Approval and disapproval constitute forms of power, and may be fed by ambition. Those who play important roles in setting the patterns of approval and disapproval are likely to be prompted in some degree by self-assertion, and are likely to profit by their ascendancy. Here again human nature, admitted as an ally of conscience, may usurp its role. The Puritans, who were experts on conscience, were well aware that the Devil may enter by this door.
Disgust and repugnance may enter into the act of disapproval, and they may invigorate it; but in themselves they cannot constitute it, and must not be confused with it. A disgust for tobacco not infrequently expresses itself in the judgment that smoking is wrong. This emotional compulsion of conscience appears in what is sometimes described as “appetitive inversion.” When sex is frustrated it may take the form of a strong repugnance, and this in turn may take the form of excessive disapproval. What sounds and feels like a declaration of conscience may then be nothing more than a form of psychic nausea. Prudery is a perverted and corrupted form of conscience.

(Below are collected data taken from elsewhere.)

lemma skew_mult_const_one_left: "alg_endo \<phi> \<Longrightarrow> skew_mult \<phi> (skew_const 1) f = f"
  by (rule poly_mapping_eqI) (simp add: lookup_skew_mult_const_left)

lemma skew_mult_const_one_right:
  assumes "alg_endo \<phi>"
  shows "skew_mult \<phi> f (skew_const 1) = f"
proof (rule poly_mapping_eqI)
  fix k
  have "Poly_Mapping.lookup (skew_mult \<phi> f (skew_const 1)) k
      = (\<Sum>i\<le>k. if i = k then Poly_Mapping.lookup f i else 0)"
    unfolding lookup_skew_mult[OF assms]
    by (rule sum.cong) (auto simp: skew_const_def lookup_single lookup_one
        alg_endo_one[OF alg_endo_funpow[OF assms]] alg_endo_zero[OF alg_endo_funpow[OF assms]])
  then show "Poly_Mapping.lookup (skew_mult \<phi> f (skew_const 1)) k = Poly_Mapping.lookup f k"
    by simp
qed

lemma skew_mult_const_const:
  "alg_endo \<phi> \<Longrightarrow> skew_mult \<phi> (skew_const a) (skew_const b) = skew_const (a * b)"
  by (rule poly_mapping_eqI)
    (simp only: lookup_skew_mult_const_left, simp add: skew_const_def lookup_single when_def)

lemma skew_mult_zero_left: "alg_endo \<phi> \<Longrightarrow> skew_mult \<phi> 0 f = 0"
  by (rule poly_mapping_eqI) (simp add: lookup_skew_mult)

lemma skew_mult_zero_right: "alg_endo \<phi> \<Longrightarrow> skew_mult \<phi> f 0 = 0"
  by (rule poly_mapping_eqI) (simp add: lookup_skew_mult alg_endo_zero[OF alg_endo_funpow])

lemma skew_mult_add_left:
  "alg_endo \<phi> \<Longrightarrow> skew_mult \<phi> (f + f') g = skew_mult \<phi> f g + skew_mult \<phi> f' g"
  by (rule poly_mapping_eqI) (simp add: lookup_skew_mult lookup_add distrib_right sum.distrib)

lemma skew_mult_sum_left:
  "alg_endo \<phi> \<Longrightarrow> skew_mult \<phi> (sum f A) g = (\<Sum>a\<in>A. skew_mult \<phi> (f a) g)"
  by (induction A rule: infinite_finite_induct)
    (simp_all add: skew_mult_zero_left skew_mult_add_left)

lemma skew_const_sum: "skew_const (sum f A) = (\<Sum>a\<in>A. skew_const (f a))"
  by (induction A rule: infinite_finite_induct) (simp_all add: skew_const_def single_add)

Finally, a sick conscience may be a divided conscience. This is a vast topic ranging all the way from schizophrenia to the normal problems of divided allegiance. The reference here is not to the conflict between conscience and the appetites and desires which conscience in some degree represses; or to the external conflict between different communities, each with its own conscience. By conflict of conscience is here meant that internal conflict which arises from the fact that a person belongs to several communities of opinion and sentiment, in each of which he plays all the different roles which conscience implies. In this sense race-conflict is not a conflict between the white's conscience and his greed or sadism, or a conflict between whites and blacks. It consists in the fact that whites are at one and the same time members of a special caste and members of a community with a traditional Christian code. The conflict of conscience is the conflict, within the breast of the white person, of the requirements of these two consciences.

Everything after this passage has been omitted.